**WHAT TO PRODUCE**.
Across the material below, how many lines contain the word "imports"? Respond with the number only.

**MATERIAL SHOWN**.
(* Let $(X,d)$ be a compact metric space and $f:X\to X$ a cw-expansive homeomorphism with cw-expansivity constant $\alpha>0$. For $\varepsilon>0$ let $N_\varepsilon>0$ be an integer such that $\max_{|n|\le N_\varepsilon}\operatorname{diam} f^n(C)>\alpha$ for every continuum $C\subset X$ with $\operatorname{diam}C\ge\varepsilon$ (such $N_\varepsilon$ exists). Then for every $x\in X$, every $0<\varepsilon<\alpha/2$ and every integer $n\ge N_\varepsilon$: (1) $f^n\big(CW^s_{\alpha/2}(x)\big)\subset CW^s_\varepsilon(f^n(x))$; (2) $CW^s_\varepsilon(x)\subset W^s(x)$; (3) $CW^s_\varepsilon(x)$ equals the connected component of $W^s_{\alpha/2}(x)\cap W^s_{\varepsilon,n}(x)$ containing $x$.
   Context: A homeomorphism $f:X\to X$ of a compact metric space is continuum-wise expansive (cw-expansive) with cw-expansivity constant $\alpha>0$ if $\sup_{n\in\mathbb Z}\operatorname{diam} f^n(C)>\alpha$ for every continuum $C\subset X$ containing more than one point. For $\varepsilon>0$ and $x\in X$: $W^s_\varepsilon(x)=\{y\in X:\ d(f^k(x),f^k(y))\le\varepsilon \text{ for all } k\ge 0\}$; $CW^s_\varepsilon(x)$ is the connected component of $W^s_\varepsilon(x)$ containing $x$; $W^s(x)=\{y\in X:\ d(f^k(x),f^k(y))\to 0 \text{ as } k\to\infty\}$; for an integer $n\ge0$, $W^s_{\varepsilon,n}(x)=\{y\in X:\ d(f^r(x),f^r(y))\le\varepsilon \text{ for } r=0,\dots,n\}$. *)

theory Defs
  imports "HOL-Analysis.Analysis"
begin

definition ipow :: "'a set \<Rightarrow> ('a \<Rightarrow> 'a) \<Rightarrow> int \<Rightarrow> 'a \<Rightarrow> 'a" where
  "ipow X f n = (if n \<ge> 0 then f ^^ nat n else inv_into X f ^^ nat (- n))"

definition continuum :: "'a::metric_space set \<Rightarrow> bool" where
  "continuum C \<longleftrightarrow> compact C \<and> connected C \<and> C \<noteq> {}"

definition cw_expansive :: "'a::metric_space set \<Rightarrow> ('a \<Rightarrow> 'a) \<Rightarrow> real \<Rightarrow> bool" where
  "cw_expansive X f \<alpha> \<longleftrightarrow> \<alpha> > 0 \<and>
     (\<forall>C. C \<subseteq> X \<and> continuum C \<and> (\<exists>a\<in>C. \<exists>b\<in>C. a \<noteq> b) \<longrightarrow>
        (\<exists>n::int. diameter (ipow X f n ` C) > \<alpha>))"

definition Ws_loc :: "'a::metric_space set \<Rightarrow> ('a \<Rightarrow> 'a) \<Rightarrow> real \<Rightarrow> 'a \<Rightarrow> 'a set" where
  "Ws_loc X f \<epsilon> x = {y \<in> X. \<forall>k::nat. dist ((f ^^ k) x) ((f ^^ k) y) \<le> \<epsilon>}"

definition CWs_loc :: "'a::metric_space set \<Rightarrow> ('a \<Rightarrow> 'a) \<Rightarrow> real \<Rightarrow> 'a \<Rightarrow> 'a set" where
  "CWs_loc X f \<epsilon> x = connected_component_set (Ws_loc X f \<epsilon> x) x"

definition Ws :: "'a::metric_space set \<Rightarrow> ('a \<Rightarrow> 'a) \<Rightarrow> 'a \<Rightarrow> 'a set" where
  "Ws X f x = {y \<in> X. (\<lambda>k. dist ((f ^^ k) x) ((f ^^ k) y)) \<longlonglongrightarrow> 0}"

definition Ws_fin :: "'a::metric_space set \<Rightarrow> ('a \<Rightarrow> 'a) \<Rightarrow> real \<Rightarrow> nat \<Rightarrow> 'a \<Rightarrow> 'a set" where
  "Ws_fin X f \<epsilon> n x = {y \<in> X. \<forall>r\<le>n. dist ((f ^^ r) x) ((f ^^ r) y) \<le> \<epsilon>}"

end

theory Submission
  imports Defs
begin

(* Let C = CW^s_{\<alpha>/2}(x). All forward images f^k(C) have diameter at most \<alpha>. If f^j(C) had
   diameter at least \<epsilon> for some j \<ge> N_\<epsilon>, some f^m with |m| \<le> N_\<epsilon> would expand it beyond \<alpha>;
   but f^m(f^j(C)) = f^(j+m)(C) is again a forward image. So beyond time N_\<epsilon> the points of C
   stay \<epsilon>-close to the orbit of x, which gives (1) and (3).
   For (2), if y \<in> CW^s_\<epsilon>(x) were not asymptotic to x, choose k_i with f^(k_i)(x) \<rightarrow> a and
   f^(k_i)(y) \<rightarrow> b \<noteq> a. The upper limit of the continua f^(k_i)(CW^s_\<epsilon>(x)) is a continuum
   containing a and b whose every iterate lies within \<epsilon> of the corresponding iterate of a,
   so it is never expanded beyond 2\<epsilon> < \<alpha>, contradicting cw-expansivity. *)

lemma diameter_le_two_radius:
  fixes S :: "'a::metric_space set"
  assumes "S \<subseteq> cball c r" "0 \<le> r"
  shows "diameter S \<le> 2 * r"
proof (cases "S = {}")
  case False
  have "dist u v \<le> 2 * r" if "u \<in> S" "v \<in> S" for u v
  proof -
    have "dist c u \<le> r" "dist c v \<le> r"
      using assms(1) that by auto
    then show ?thesis
      using dist_triangle[of u v c] by (simp add: dist_commute)
  qed
  with False show ?thesis
    unfolding diameter_def by (auto intro!: cSUP_least)
qed (simp add: assms(2))

lemma continuum_image:
  assumes "continuous_on C g" "continuum C"
  shows "continuum (g ` C)"
  using assms compact_continuous_image connected_continuous_image
  by (auto simp: continuum_def)

section \<open>Upper limits of sequences of sets\<close>

(* The Kuratowski upper limit: the points every neighbourhood of which meets infinitely many S i. *)
definition upper_limit :: "(nat \<Rightarrow> 'a::topological_space set) \<Rightarrow> 'a set" where
  "upper_limit S = (\<Inter>M. closure (\<Union>i\<in>{M..}. S i))"

lemma frequently_sequentially_subseq:
  assumes "frequently P sequentially"
  shows "\<exists>r :: nat \<Rightarrow> nat. strict_mono r \<and> (\<forall>n. P (r n))"
proof -
  have "infinite {i. P i}"
    using assms by (simp add: INFM_iff_infinite flip: cofinite_eq_sequentially)
  then show ?thesis
    using infinite_enumerate by (metis mem_Collect_eq)
qed

lemma closed_upper_limit: "closed (upper_limit S)"
  by (simp add: upper_limit_def closed_INT)

lemma upper_limit_subset_closed:
  assumes "closed E" "eventually (\<lambda>i. S i \<subseteq> E) sequentially"
  shows "upper_limit S \<subseteq> E"
proof -
  obtain M where "\<And>i. i \<ge> M \<Longrightarrow> S i \<subseteq> E"
    using assms(2) by (auto simp: eventually_sequentially)
  then have "closure (\<Union>i\<in>{M..}. S i) \<subseteq> E"
    using assms(1) by (intro closure_minimal) auto
  then show ?thesis
    by (auto simp: upper_limit_def)
qed

lemma upper_limit_subset: "closed X \<Longrightarrow> (\<And>i. S i \<subseteq> X) \<Longrightarrow> upper_limit S \<subseteq> X"
  by (simp add: upper_limit_subset_closed)

lemma LIMSEQ_in_upper_limit:
  fixes S :: "nat \<Rightarrow> 'a::first_countable_topology set"
  assumes "strict_mono r" "\<And>n. a n \<in> S (r n)" "a \<longlonglongrightarrow> p"
  shows "p \<in> upper_limit S"
  unfolding upper_limit_def
proof
  fix M
  have "a (n + M) \<in> (\<Union>i\<in>{M..}. S i)" for n
  proof -
    have "M \<le> r (n + M)"
      using seq_suble[OF assms(1), of "n + M"] by simp
    then show ?thesis
      using assms(2)[of "n + M"] by blast
  qed
  moreover have "(\<lambda>n. a (n + M)) \<longlonglongrightarrow> p"
    using assms(3) by (rule LIMSEQ_ignore_initial_segment)
  ultimately show "p \<in> closure (\<Union>i\<in>{M..}. S i)"
    by (meson closure_sequential)
qed

lemma upper_limit_meets_compact:
  fixes S :: "nat \<Rightarrow> 'a::metric_space set"
  assumes "compact F" "frequently (\<lambda>i. S i \<inter> F \<noteq> {}) sequentially"
  shows "upper_limit S \<inter> F \<noteq> {}"
proof -
  obtain r :: "nat \<Rightarrow> nat" where r: "strict_mono r" "\<And>n. S (r n) \<inter> F \<noteq> {}"
    using frequently_sequentially_subseq[OF assms(2)] by auto
  then have "\<forall>n. \<exists>t. t \<in> S (r n) \<inter> F"
    by blast
  then obtain t where t: "\<And>n. t n \<in> S (r n) \<inter> F"
    by metis
  obtain z q where "z \<in> F" "strict_mono q" "(t \<circ> q) \<longlonglongrightarrow> z"
    using seq_compactE[OF compact_imp_seq_compact[OF assms(1)]] t by blast
  moreover have "z \<in> upper_limit S"
    using calculation t by (intro LIMSEQ_in_upper_limit[of "r \<circ> q" "t \<circ> q"])
      (auto intro: strict_mono_o r(1))
  ultimately show ?thesis
    by blast
qed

**OUTPUT OF THE TASK**.
2